Bu, beklenen bir istifaydı. Ulusalcıların her konuda CHP yönetimini sert eleştirmesi CHP Genel Başkanı Kılıçdaroğlu'nun da bu tavra, olağanüstü kurultay öncesi isyan etmesi sonun başlangıcıydı. Kılıçdaroğlu, o konuşmasıyla ulusalcıların 2015 seçimlerinde aday yapılmayacağının da işaretini vermişti.
Aslında onlar da daha yerel seçimler sonrası kamuoyu araştırmaları bile yaptırarak "yeni bir parti" arayışına girmiş ama bir sonuç alamayacaklarını görmüşlerdi.
Tek umutları ve asıl beklentileri de Metin Feyzioğlu'nun CHP'nin başına getirilmesiydi.
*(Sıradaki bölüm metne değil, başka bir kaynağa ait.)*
(* Let $\bar f=(f_1,\dots,f_n)$, $\bar b=(b_1,\dots,b_m)$ be frame sequences with a distance $d$ satisfying the triangle inequality, such that $d(f_i,f_{i+1})\le\delta$ for $1\le i<n$, $d(b_j,b_{j+1})\le\delta$ for $1\le j<m$, and for every $i$ there is $j$ with $d(f_i,b_j)\le\epsilon$. Suppose $k=\epsilon/\delta$ is an integer with $1\le k\le\min\{n,m\}$. Then Algorithm Near-Linear($k$) returns a matching $\pi$ with cost $C(\pi)=O(\epsilon)$, and runs $k^2$ times faster than the naive $\Theta(mn)$ algorithm, i.e. in time $O(\frac{nm}{k^2})=O(\frac{nm\delta^2}{\epsilon^2})$.
   Context: For $\pi:\{1,\dots,n\}\to\{1,\dots,m\}$, $C(\pi)=\frac1n\sum_{i=1}^n d(f_i,b_{\pi(i)})$. The naive algorithm computes $d(f_i,b_j)$ for all pairs and picks, for each $i$, the minimizing $j$. Algorithm Near-Linear($k$): let $S_i^k=\{i:1\le i\le n,\ i\equiv 0 \bmod k\}\cup\{1\}\cup\{n\}$ and $S_j^k=\{j:1\le j\le m,\ j\equiv0\bmod k\}\cup\{1\}\cup\{m\}$; for $i\in S_i^k$ set $\pi(i)=\arg\min_{j\in S_j^k} d(f_i,b_j)$; for $i\notin S_i^k$ let $near(i)=\arg\min_{t\in S_i^k}|t-i|$ and set $\pi(i)=\pi(near(i))$. Running time counts each evaluation of $d$ as one step. *)

theory Defs
  imports Complex_Main
begin

definition sample_set :: "nat \<Rightarrow> nat \<Rightarrow> nat set" where
  "sample_set k N = {i. 1 \<le> i \<and> i \<le> N \<and> i mod k = 0} \<union> {1} \<union> {N}"

definition match_cost ::
  "('a \<Rightarrow> 'a \<Rightarrow> real) \<Rightarrow> (nat \<Rightarrow> 'a) \<Rightarrow> (nat \<Rightarrow> 'a) \<Rightarrow> nat \<Rightarrow> (nat \<Rightarrow> nat) \<Rightarrow> real" where
  "match_cost d f b n \<pi> = (1 / real n) * (\<Sum>i = 1..n. d (f i) (b (\<pi> i)))"

text \<open>pi is a possible output of Near-Linear(k) (any tie-breaking in the arg-mins):
  for sampled i, pi(i) is a minimiser of d(f_i, b_j) over sampled j;
  for other i, pi(i) = pi(near(i)) where near(i) is a closest sampled index.\<close>
definition near_linear_output ::
  "nat \<Rightarrow> ('a \<Rightarrow> 'a \<Rightarrow> real) \<Rightarrow> (nat \<Rightarrow> 'a) \<Rightarrow> nat \<Rightarrow> (nat \<Rightarrow> 'a) \<Rightarrow> nat \<Rightarrow> (nat \<Rightarrow> nat) \<Rightarrow> bool" where
  "near_linear_output k d f n b m \<pi> \<longleftrightarrow>
     (\<forall>i \<in> sample_set k n.
        \<pi> i \<in> sample_set k m \<and> (\<forall>j \<in> sample_set k m. d (f i) (b (\<pi> i)) \<le> d (f i) (b j))) \<and>
     (\<forall>i \<in> {1..n} - sample_set k n.
        (\<exists>t \<in> sample_set k n.
           (\<forall>t' \<in> sample_set k n. \<bar>int t - int i\<bar> \<le> \<bar>int t' - int i\<bar>) \<and> \<pi> i = \<pi> t))"

text \<open>Running time of Near-Linear(k): number of evaluations of d, namely one per pair
  (i, j) with i in S_i^k and j in S_j^k.\<close>
definition near_linear_evals :: "nat \<Rightarrow> nat \<Rightarrow> nat \<Rightarrow> nat" where
  "near_linear_evals k n m = card (sample_set k n) * card (sample_set k m)"

end

theory Submission
  imports Defs
begin

text \<open>Every index lies less than k steps to the right of a sampled index, so by the triangle
  inequality along the sequence each frame is within \<open>k \<delta> \<le> \<epsilon>\<close> of a sampled frame.
  Hence a sampled \<open>f\<^sub>i\<close> is within \<open>2\<epsilon>\<close> of its sampled minimiser (compare with the sampled
  neighbour of an \<open>\<epsilon>\<close>-close \<open>b\<^sub>j\<close>), and every other \<open>f\<^sub>i\<close> inherits the match of a sampled
  index at distance less than k, costing at most \<open>3\<epsilon>\<close>. Each sample set has at most
  \<open>N/k + 2 \<le> 3N/k\<close> elements, which bounds the number of distance evaluations.\<close>

lemma sample_set_below_within:
  assumes "1 \<le> k" "1 \<le> j" "j \<le> N"
  shows "\<exists>s\<in>sample_set k N. s \<le> j \<and> j - s < k"
proof (cases "j < k")
  case True
  then show ?thesis using assms by (intro bexI[of _ 1]) (auto simp: sample_set_def)
next
  case False
  define s where "s = j div k * k"
  have "1 \<le> j div k" using div_le_mono[of k j k] False assms by simp
  then have "s \<le> j" "j - s < k" "k \<le> s" "s mod k = 0"
    using assms by (simp_all add: s_def minus_div_mult_eq_mod)
  moreover have "s \<in> sample_set k N"
    using calculation assms by (auto simp: sample_set_def)
  ultimately show ?thesis by blast
qed

lemma card_sample_set_le:
  assumes "1 \<le> k" "k \<le> N"
  shows "real (card (sample_set k N)) \<le> 3 * real N / real k"
proof -
  have "sample_set k N \<subseteq> (\<lambda>q. q * k) ` {1..N div k} \<union> {1, N}"
  proof
    fix x assume x: "x \<in> sample_set k N"
    show "x \<in> (\<lambda>q. q * k) ` {1..N div k} \<union> {1, N}"
    proof (cases "x = 1 \<or> x = N")
      case False
      then have "1 \<le> x" "x \<le> N" "x mod k = 0" using x by (auto simp: sample_set_def)
      then have "x = x div k * k" "1 \<le> x div k" "x div k \<le> N div k"
        using assms by (auto simp: div_le_mono)
      then show ?thesis by (auto intro: image_eqI)
    qed auto
  qed
  then have "card (sample_set k N) \<le> card ((\<lambda>q. q * k) ` {1..N div k} \<union> {1, N})"
    by (rule card_mono[rotated]) auto
  also have "\<dots> \<le> card ((\<lambda>q. q * k) ` {1..N div k}) + card {1, N}" by (rule card_Un_le)
  also have "\<dots> \<le> N div k + 2"
  proof -
    have "card {1, N} \<le> 2" by (simp add: card_insert_if)
    then show ?thesis using card_image_le[of "{1..N div k}" "\<lambda>q. q * k"] by simp
  qed
  finally have "real (card (sample_set k N)) \<le> real (N div k) + 2" by linarith
  moreover have "real (N div k) \<le> real N / real k" by (rule of_nat_div_le_of_nat)
  moreover have "2 \<le> 2 * real N / real k" using assms by (simp add: field_simps)
  moreover have "3 * real N / real k = real N / real k + 2 * real N / real k"
    by (simp add: field_simps)
  ultimately show ?thesis by linarith
qed

lemma near_linear_evals_le:
  assumes "1 \<le> k" "k \<le> n" "k \<le> m"
  shows "real (near_linear_evals k n m) \<le> 9 * (real n * real m / (real k)^2)"
proof -
  have "real (near_linear_evals k n m) = real (card (sample_set k n)) * real (card (sample_set k m))"
    by (simp add: near_linear_evals_def)
  also have "\<dots> \<le> (3 * real n / real k) * (3 * real m / real k)"
    using card_sample_set_le assms by (intro mult_mono) auto
  also have "\<dots> = 9 * (real n * real m / (real k)^2)" by (simp add: power2_eq_square)
  finally show ?thesis .
qed

context
  fixes d :: "'a \<Rightarrow> 'a \<Rightarrow> real" and \<delta> :: real
  assumes triangle: "\<And>x y z. d x z \<le> d x y + d y z"
    and sym: "\<And>x y. d x y = d y x"
    and \<delta>_nonneg: "0 \<le> \<delta>"
begin

lemma dist_le_steps:
  assumes steps: "\<And>i. 1 \<le> i \<Longrightarrow> i < N \<Longrightarrow> d (g i) (g (i + 1)) \<le> \<delta>"
    and "1 \<le> a" "a < b" "b \<le> N"
  shows "d (g a) (g b) \<le> real (b - a) * \<delta>"
  using assms(3,4)
proof (induction b)
  case (Suc b)
  show ?case
  proof (cases "a = b")
    case True
    then show ?thesis using steps Suc.prems \<open>1 \<le> a\<close> by simp
  next
    case False
    then have "a < b" using Suc.prems by simp
    have "d (g a) (g (Suc b)) \<le> d (g a) (g b) + d (g b) (g (b + 1))" using triangle by simp
    also have "\<dots> \<le> real (b - a) * \<delta> + \<delta>"
      using Suc.IH \<open>a < b\<close> Suc.prems steps \<open>1 \<le> a\<close> by (intro add_mono) auto
    also have "\<dots> = real (Suc b - a) * \<delta>" using \<open>a < b\<close> by (simp add: of_nat_diff algebra_simps)
    finally show ?thesis .
  qed
qed simp

lemma dist_le_index_dist:
  assumes steps: "\<And>i. 1 \<le> i \<Longrightarrow> i < N \<Longrightarrow> d (g i) (g (i + 1)) \<le> \<delta>"
    and "a \<in> {1..N}" "b \<in> {1..N}" "a \<noteq> b" "\<bar>int a - int b\<bar> \<le> int k"
  shows "d (g a) (g b) \<le> real k * \<delta>"
proof -
  have ordered: "d (g x) (g y) \<le> real k * \<delta>"
    if "x \<in> {1..N}" "y \<in> {1..N}" "x < y" "\<bar>int x - int y\<bar> \<le> int k" for x y
  proof -
    have "d (g x) (g y) \<le> real (y - x) * \<delta>" using dist_le_steps[of N g, OF steps] that by auto
    also have "\<dots> \<le> real k * \<delta>" using that \<delta>_nonneg by (intro mult_right_mono) auto
    finally show ?thesis .
  qed
  show ?thesis
  proof (cases "a < b")
    case False
    then show ?thesis using ordered[of b a] assms sym by (simp add: abs_minus_commute)
  qed (use ordered assms in auto)
qed

context
  fixes f b :: "nat \<Rightarrow> 'a" and n m k :: nat and \<epsilon> :: real and \<pi> :: "nat \<Rightarrow> nat"
  assumes f_steps: "\<And>i. 1 \<le> i \<Longrightarrow> i < n \<Longrightarrow> d (f i) (f (i + 1)) \<le> \<delta>"
    and b_steps: "\<And>j. 1 \<le> j \<Longrightarrow> j < m \<Longrightarrow> d (b j) (b (j + 1)) \<le> \<delta>"
    and covered: "\<And>i. i \<in> {1..n} \<Longrightarrow> \<exists>j \<in> {1..m}. d (f i) (b j) \<le> \<epsilon>"
    and k_pos: "1 \<le> k" and k_le_n: "k \<le> n"
    and k_steps_le: "real k * \<delta> \<le> \<epsilon>"
    and is_output: "near_linear_output k d f n b m \<pi>"
begin

private lemma eps_nonneg: "0 \<le> \<epsilon>"
  using k_steps_le \<delta>_nonneg by (meson mult_nonneg_nonneg of_nat_0_le_iff order_trans)

lemma near_linear_sampled_dist_le:
  assumes i: "i \<in> sample_set k n"
  shows "d (f i) (b (\<pi> i)) \<le> 2 * \<epsilon>"
proof -
  have "i \<in> {1..n}" using i k_le_n k_pos by (auto simp: sample_set_def)
  then obtain j where j: "j \<in> {1..m}" "d (f i) (b j) \<le> \<epsilon>" using covered by blast
  obtain s where s: "s \<in> sample_set k m" "s \<le> j" "j - s < k"
    using sample_set_below_within[OF k_pos, of j m] j by auto
  have "d (f i) (b (\<pi> i)) \<le> d (f i) (b s)"
    using is_output i s by (auto simp: near_linear_output_def)
  also have "\<dots> \<le> 2 * \<epsilon>"
  proof (cases "s = j")
    case True
    then show ?thesis using j eps_nonneg by simp
  next
    case False
    have "s \<in> {1..m}" using s j by (auto simp: sample_set_def)
    then have "d (b j) (b s) \<le> real k * \<delta>"
      using dist_le_index_dist[of m b, OF b_steps, of j s k] j s False by auto
    then have "d (b j) (b s) \<le> \<epsilon>" using k_steps_le by simp
    then show ?thesis using triangle[of "f i" "b s" "b j"] j by simp
  qed
  finally show ?thesis .
qed

lemma near_linear_dist_le:
  assumes i: "i \<in> {1..n}"
  shows "d (f i) (b (\<pi> i)) \<le> 3 * \<epsilon>"
proof (cases "i \<in> sample_set k n")
  case True
  then show ?thesis using near_linear_sampled_dist_le eps_nonneg by fastforce
next
  case False
  obtain t where t: "t \<in> sample_set k n"
      "\<forall>t' \<in> sample_set k n. \<bar>int t - int i\<bar> \<le> \<bar>int t' - int i\<bar>" "\<pi> i = \<pi> t"
    using is_output i False unfolding near_linear_output_def by blast
  obtain s where s: "s \<in> sample_set k n" "s \<le> i" "i - s < k"
    using sample_set_below_within[OF k_pos, of i n] i by auto
  have "\<bar>int t - int i\<bar> < int k" using t(2) s by fastforce
  moreover have "t \<in> {1..n}" using t k_le_n k_pos by (auto simp: sample_set_def)
  ultimately have "d (f i) (f t) \<le> real k * \<delta>"
    using dist_le_index_dist[of n f, OF f_steps, of i t k] i t(1) False
    by (auto simp: abs_minus_commute)
  then have "d (f i) (f t) \<le> \<epsilon>" using k_steps_le by simp
  then have "d (f i) (b (\<pi> i)) \<le> \<epsilon> + 2 * \<epsilon>"
    using triangle[of "f i" "b (\<pi> t)" "f t"] near_linear_sampled_dist_le[OF t(1)] t(3) by simp
  then show ?thesis by simp
qed

lemma near_linear_match_cost_le: "match_cost d f b n \<pi> \<le> 3 * \<epsilon>"
proof -
  have "(\<Sum>i = 1..n. d (f i) (b (\<pi> i))) \<le> real n * (3 * \<epsilon>)"
    using sum_mono[of "{1..n}" _ "\<lambda>_. 3 * \<epsilon>"] near_linear_dist_le by simp
  moreover have "0 < real n" using k_pos k_le_n by simp
  ultimately show ?thesis by (simp add: match_cost_def field_simps)
qed

end

end

theorem corollary3p3:
  "\<exists>c::real. \<forall>(d::'a \<Rightarrow> 'a \<Rightarrow> real) (f::nat \<Rightarrow> 'a) (b::nat \<Rightarrow> 'a) n m (k::nat) (\<delta>::real) (\<epsilon>::real) \<pi>.
     (\<forall>x y. 0 \<le> d x y) \<longrightarrow> (\<forall>x y. d x y = d y x) \<longrightarrow>
     (\<forall>x y z. d x z \<le> d x y + d y z) \<longrightarrow>
     0 < \<delta> \<longrightarrow>
     (\<forall>i. 1 \<le> i \<and> i < n \<longrightarrow> d (f i) (f (i + 1)) \<le> \<delta>) \<longrightarrow>
     (\<forall>j. 1 \<le> j \<and> j < m \<longrightarrow> d (b j) (b (j + 1)) \<le> \<delta>) \<longrightarrow>
     (\<forall>i \<in> {1..n}. \<exists>j \<in> {1..m}. d (f i) (b j) \<le> \<epsilon>) \<longrightarrow>
     real k = \<epsilon> / \<delta> \<longrightarrow> 1 \<le> k \<longrightarrow> k \<le> min n m \<longrightarrow>
     near_linear_output k d f n b m \<pi> \<longrightarrow>
       match_cost d f b n \<pi> \<le> c * \<epsilon> \<and>
       real (near_linear_evals k n m) \<le> c * (real n * real m / (real k)^2) \<and>
       real (near_linear_evals k n m) \<le> c * (real n * real m * \<delta>^2 / \<epsilon>^2)"
proof (intro exI[of _ 9] allI impI)
  fix d :: "'a \<Rightarrow> 'a \<Rightarrow> real" and f b :: "nat \<Rightarrow> 'a" and n m k :: nat and \<delta> \<epsilon> :: real and \<pi>
  assume sym: "\<forall>x y. d x y = d y x" and triangle: "\<forall>x y z. d x z \<le> d x y + d y z"
    and \<delta>_pos: "0 < \<delta>" and k: "real k = \<epsilon> / \<delta>" "1 \<le> k" "k \<le> min n m"
    and f_steps: "\<forall>i. 1 \<le> i \<and> i < n \<longrightarrow> d (f i) (f (i + 1)) \<le> \<delta>"
    and b_steps: "\<forall>j. 1 \<le> j \<and> j < m \<longrightarrow> d (b j) (b (j + 1)) \<le> \<delta>"
    and covered: "\<forall>i \<in> {1..n}. \<exists>j \<in> {1..m}. d (f i) (b j) \<le> \<epsilon>"
    and is_output: "near_linear_output k d f n b m \<pi>"
  have \<epsilon>: "\<epsilon> = real k * \<delta>" using k \<delta>_pos by (simp add: field_simps)
  have "match_cost d f b n \<pi> \<le> 3 * \<epsilon>"
    by (rule near_linear_match_cost_le[where d = d and \<delta> = \<delta> and f = f and b = b and
          n = n and m = m and k = k and \<epsilon> = \<epsilon> and \<pi> = \<pi>])
      (use triangle sym \<delta>_pos \<epsilon> k f_steps b_steps covered is_output in auto)
  moreover have "0 \<le> \<epsilon>" using \<epsilon> \<delta>_pos by simp
  moreover have "real (near_linear_evals k n m) \<le> 9 * (real n * real m / (real k)^2)"
    using near_linear_evals_le k(2,3) by simp
  moreover have "real n * real m / (real k)^2 = real n * real m * \<delta>^2 / \<epsilon>^2"
    using \<epsilon> \<delta>_pos by (simp add: power_mult_distrib)
  ultimately show "match_cost d f b n \<pi> \<le> 9 * \<epsilon> \<and>
      real (near_linear_evals k n m) \<le> 9 * (real n * real m / (real k)^2) \<and>
      real (near_linear_evals k n m) \<le> 9 * (real n * real m * \<delta>^2 / \<epsilon>^2)" by simp
qed

end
Muharrem İnce'nin devreye girmesi bu hesabı bozduğu için, bugün grup olarak değil "tek başına" istifa noktasına gelindi. Arkası gelse de sayı birkaçı geçmez. Grup kurabileceklerinden söz ediliyor ama CHP varken, CHP benzeri bir partinin şansı yok. Bu noktada tavrı en çok merak edilen isim, eski genel başkan Baykal. Baykal'ın da 2015'te aday yapılmayacağı biliniyor ama yine de ayrılmayı seçmeyeceği konuşuluyor. Baykal dahil herkes 2015 seçimindeki yenilgiyi bekliyor. Ama bu, siyaset üretmeyen CHP'de her an yeni bir şey olmayacağı anlamına gelmez.
MEF'in Nobel yolundaki kızı
Cumhuriyetin 100. yılına yaklaşırken, "Nereye geldiğimiz?" sorusunun cevabı hepimizi düşündürüyor. Birçok alanda henüz istenen noktada değiliz.
Ama bu gerçeği bilmek umutsuz olmayı gerektirmiyor. Türkiye 91 yılı geride bırakırken cumhuriyetle demokrasiyi, özgürlükle zenginliği buluşturmada geç kalsa da birçok alanda önemli adımlar atıldı ve o yolda hızla ilerliyor. 29 Ekim'de Özel MEF Okulları'nın düzenlediği cumhuriyet etkinliğini izledim. MEF'li öğrenciler, bilim, sanat ve spor alanında elde edilen başarıların ön plana çıktığı farklı ve anlamlı bir etkinliğe imza attılar.
Çocuklar, dünün farklı alanlardaki başarılarıyla bugünü buluşturmuşlardı. Örneğin Matematik dünyasına adını yazdıran Prof. Dr. Cahit Arf'in bilime katkılarından söz ederken, sahneye bu yıl Polonya'da düzenlenen "First Step To Nobel Prize In Physics" yarışmasında dünya birincisi olan 12. sınıf öğrencisi İlayda Şamilgil çıkıyordu.
Şamilgil, "Sıvılardaki Su Oranını Mıknatısla Ölçebilen Ucuz, Hızlı ve Taşınabilir Bir Sistem" adlı projesi ile yarışmaya katılmış ve Nobel yolunda ilk adımı atmıştı. Onu gururla izlerken, şu sözleri ders niteliğindeydi: "Eğer öğretmenler donanımlı ve öğrencileri yüreklendirmeye hevesliyse öğrencilerin başarıyı yakalayamayacağı bir konu yok."
Böyle umut veren bir gençlik var ama yetmez, sayılarını artırmamız gerekiyor.